** TASK STATEMENT **
From the line with "(nat \<Rightarrow> nat" to the line with "(\<Sum>l<n. g i", retype every line exactly, including those two, and leave out the rest of the data below.

======== SOURCE DATA

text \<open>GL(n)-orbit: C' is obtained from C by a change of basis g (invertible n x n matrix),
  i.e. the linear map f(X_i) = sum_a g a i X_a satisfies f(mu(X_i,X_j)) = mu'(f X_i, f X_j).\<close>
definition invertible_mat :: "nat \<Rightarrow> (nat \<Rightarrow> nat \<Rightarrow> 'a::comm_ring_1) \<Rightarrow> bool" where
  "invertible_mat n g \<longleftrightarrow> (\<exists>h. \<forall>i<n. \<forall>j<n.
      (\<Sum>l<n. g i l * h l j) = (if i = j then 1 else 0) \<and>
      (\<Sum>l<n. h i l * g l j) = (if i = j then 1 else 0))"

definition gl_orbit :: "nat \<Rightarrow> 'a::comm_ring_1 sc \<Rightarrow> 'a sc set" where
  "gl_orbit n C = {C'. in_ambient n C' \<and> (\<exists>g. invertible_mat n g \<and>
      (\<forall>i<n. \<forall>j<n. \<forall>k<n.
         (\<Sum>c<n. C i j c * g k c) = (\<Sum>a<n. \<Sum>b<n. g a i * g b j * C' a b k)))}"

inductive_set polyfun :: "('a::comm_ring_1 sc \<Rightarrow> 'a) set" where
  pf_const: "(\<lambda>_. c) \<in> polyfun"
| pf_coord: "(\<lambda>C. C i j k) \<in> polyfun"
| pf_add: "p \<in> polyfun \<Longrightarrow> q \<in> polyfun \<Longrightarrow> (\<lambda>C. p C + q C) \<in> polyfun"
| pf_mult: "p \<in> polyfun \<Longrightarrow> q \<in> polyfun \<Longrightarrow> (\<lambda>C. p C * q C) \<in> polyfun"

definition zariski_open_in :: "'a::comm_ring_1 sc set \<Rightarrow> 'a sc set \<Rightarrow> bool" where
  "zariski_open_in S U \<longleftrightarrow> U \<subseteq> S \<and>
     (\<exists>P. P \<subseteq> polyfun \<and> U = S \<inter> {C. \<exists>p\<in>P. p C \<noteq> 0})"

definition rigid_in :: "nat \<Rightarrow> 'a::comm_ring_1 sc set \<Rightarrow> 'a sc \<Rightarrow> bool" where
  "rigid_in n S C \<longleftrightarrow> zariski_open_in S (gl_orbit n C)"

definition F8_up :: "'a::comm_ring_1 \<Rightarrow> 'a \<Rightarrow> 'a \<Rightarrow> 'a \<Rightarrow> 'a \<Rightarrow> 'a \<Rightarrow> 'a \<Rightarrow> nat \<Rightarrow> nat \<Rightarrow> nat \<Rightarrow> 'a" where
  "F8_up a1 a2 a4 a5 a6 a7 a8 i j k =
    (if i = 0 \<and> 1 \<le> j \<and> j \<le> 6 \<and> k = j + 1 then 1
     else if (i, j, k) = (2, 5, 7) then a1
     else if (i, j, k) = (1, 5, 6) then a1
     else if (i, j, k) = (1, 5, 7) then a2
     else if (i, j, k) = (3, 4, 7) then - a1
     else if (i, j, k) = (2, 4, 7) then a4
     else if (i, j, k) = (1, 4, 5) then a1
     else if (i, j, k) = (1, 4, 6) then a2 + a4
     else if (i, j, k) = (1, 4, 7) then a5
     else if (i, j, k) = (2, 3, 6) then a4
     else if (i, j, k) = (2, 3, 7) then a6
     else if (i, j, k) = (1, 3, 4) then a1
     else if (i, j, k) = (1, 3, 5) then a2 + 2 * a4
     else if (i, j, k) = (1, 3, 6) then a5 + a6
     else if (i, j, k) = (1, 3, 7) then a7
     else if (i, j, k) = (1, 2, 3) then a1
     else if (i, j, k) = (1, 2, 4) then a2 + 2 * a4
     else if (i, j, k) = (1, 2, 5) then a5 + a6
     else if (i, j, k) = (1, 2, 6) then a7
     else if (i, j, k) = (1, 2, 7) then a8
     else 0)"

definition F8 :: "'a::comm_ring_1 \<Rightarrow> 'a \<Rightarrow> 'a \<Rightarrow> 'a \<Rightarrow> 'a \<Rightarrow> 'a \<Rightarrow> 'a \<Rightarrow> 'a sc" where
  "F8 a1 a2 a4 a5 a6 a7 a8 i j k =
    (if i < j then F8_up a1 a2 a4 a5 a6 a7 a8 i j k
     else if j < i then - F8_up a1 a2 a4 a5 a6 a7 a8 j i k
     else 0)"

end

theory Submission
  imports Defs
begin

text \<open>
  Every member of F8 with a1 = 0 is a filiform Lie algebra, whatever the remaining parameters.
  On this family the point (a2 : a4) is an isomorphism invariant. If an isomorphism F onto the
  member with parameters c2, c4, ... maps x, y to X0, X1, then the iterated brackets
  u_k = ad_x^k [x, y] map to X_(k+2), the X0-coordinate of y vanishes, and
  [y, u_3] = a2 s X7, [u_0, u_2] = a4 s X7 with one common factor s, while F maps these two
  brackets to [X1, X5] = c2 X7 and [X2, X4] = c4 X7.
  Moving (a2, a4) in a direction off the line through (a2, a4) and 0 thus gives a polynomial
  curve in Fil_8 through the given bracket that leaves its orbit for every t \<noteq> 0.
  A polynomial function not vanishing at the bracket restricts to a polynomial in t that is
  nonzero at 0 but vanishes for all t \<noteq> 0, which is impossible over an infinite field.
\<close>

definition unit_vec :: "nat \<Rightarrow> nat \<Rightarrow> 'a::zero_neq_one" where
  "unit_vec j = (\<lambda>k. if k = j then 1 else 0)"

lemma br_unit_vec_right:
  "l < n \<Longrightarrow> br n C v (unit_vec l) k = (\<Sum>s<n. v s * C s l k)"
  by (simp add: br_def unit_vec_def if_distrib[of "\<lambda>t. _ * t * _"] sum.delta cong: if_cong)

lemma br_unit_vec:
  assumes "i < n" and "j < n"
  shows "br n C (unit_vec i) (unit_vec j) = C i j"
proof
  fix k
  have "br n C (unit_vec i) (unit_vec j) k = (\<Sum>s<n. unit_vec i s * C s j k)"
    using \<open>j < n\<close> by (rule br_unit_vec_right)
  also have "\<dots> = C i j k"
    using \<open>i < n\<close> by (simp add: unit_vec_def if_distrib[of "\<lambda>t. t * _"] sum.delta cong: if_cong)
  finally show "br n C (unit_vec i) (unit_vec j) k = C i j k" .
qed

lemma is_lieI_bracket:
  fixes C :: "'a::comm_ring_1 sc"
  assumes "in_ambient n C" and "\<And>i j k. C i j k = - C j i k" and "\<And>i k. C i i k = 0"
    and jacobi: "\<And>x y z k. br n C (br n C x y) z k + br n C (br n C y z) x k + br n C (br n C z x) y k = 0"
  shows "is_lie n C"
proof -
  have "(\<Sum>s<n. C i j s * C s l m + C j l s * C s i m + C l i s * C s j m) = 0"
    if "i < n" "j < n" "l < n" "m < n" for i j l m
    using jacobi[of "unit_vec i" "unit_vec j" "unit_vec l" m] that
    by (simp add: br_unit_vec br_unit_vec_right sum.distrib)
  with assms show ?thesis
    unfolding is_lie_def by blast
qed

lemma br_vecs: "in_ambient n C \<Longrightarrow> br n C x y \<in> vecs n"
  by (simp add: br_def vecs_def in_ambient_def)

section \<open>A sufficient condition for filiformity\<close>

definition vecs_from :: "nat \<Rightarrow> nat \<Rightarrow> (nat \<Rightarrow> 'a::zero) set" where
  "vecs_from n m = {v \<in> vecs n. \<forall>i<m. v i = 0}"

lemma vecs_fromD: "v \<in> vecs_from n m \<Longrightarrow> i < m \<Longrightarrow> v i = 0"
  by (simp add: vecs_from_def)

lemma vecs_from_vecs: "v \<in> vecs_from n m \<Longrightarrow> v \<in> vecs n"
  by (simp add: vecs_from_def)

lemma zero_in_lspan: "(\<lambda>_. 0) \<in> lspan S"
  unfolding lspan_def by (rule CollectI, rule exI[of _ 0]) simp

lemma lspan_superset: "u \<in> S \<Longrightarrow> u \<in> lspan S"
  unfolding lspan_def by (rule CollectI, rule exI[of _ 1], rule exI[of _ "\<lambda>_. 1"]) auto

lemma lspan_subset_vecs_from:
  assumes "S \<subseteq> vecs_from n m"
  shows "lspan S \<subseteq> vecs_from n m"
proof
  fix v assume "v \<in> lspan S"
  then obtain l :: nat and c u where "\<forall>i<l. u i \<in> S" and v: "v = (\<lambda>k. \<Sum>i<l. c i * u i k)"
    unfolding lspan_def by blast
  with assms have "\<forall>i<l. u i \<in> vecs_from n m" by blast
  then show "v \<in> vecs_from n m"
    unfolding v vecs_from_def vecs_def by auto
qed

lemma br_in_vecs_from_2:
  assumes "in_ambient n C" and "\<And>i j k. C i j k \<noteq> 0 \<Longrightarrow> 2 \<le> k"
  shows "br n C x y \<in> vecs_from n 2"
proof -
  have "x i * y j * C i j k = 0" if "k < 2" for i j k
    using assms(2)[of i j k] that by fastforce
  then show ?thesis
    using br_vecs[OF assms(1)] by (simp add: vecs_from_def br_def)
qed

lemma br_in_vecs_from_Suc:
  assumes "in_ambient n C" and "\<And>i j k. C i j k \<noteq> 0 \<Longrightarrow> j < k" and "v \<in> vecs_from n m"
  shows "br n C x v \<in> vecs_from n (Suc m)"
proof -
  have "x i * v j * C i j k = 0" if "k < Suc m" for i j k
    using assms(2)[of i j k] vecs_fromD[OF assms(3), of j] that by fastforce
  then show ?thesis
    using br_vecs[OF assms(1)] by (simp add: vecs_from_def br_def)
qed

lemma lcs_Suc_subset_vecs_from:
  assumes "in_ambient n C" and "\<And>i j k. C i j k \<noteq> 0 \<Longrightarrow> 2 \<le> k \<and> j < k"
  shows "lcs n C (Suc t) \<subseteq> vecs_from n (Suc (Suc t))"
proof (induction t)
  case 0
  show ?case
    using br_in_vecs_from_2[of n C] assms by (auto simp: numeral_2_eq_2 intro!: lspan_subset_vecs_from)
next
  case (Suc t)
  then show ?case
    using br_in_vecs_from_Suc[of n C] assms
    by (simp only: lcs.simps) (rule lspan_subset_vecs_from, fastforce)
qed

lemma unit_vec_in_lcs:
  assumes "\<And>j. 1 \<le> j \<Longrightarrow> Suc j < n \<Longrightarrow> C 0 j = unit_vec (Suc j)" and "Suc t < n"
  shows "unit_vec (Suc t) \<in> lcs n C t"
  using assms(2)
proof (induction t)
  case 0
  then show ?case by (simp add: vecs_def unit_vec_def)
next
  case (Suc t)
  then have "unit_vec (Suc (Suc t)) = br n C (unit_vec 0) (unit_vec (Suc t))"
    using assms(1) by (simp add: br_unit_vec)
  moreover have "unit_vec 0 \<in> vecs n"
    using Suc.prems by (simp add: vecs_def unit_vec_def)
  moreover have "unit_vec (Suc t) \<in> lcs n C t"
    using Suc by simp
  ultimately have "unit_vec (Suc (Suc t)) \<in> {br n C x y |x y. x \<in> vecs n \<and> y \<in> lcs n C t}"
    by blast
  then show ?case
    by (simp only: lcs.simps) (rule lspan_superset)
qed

================

** FINISHED EXERCISE **
definition invertible_mat :: "nat \<Rightarrow> (nat \<Rightarrow> nat \<Rightarrow> 'a::comm_ring_1) \<Rightarrow> bool" where
  "invertible_mat n g \<longleftrightarrow> (\<exists>h. \<forall>i<n. \<forall>j<n.
      (\<Sum>l<n. g i l * h l j) = (if i = j then 1 else 0) \<and>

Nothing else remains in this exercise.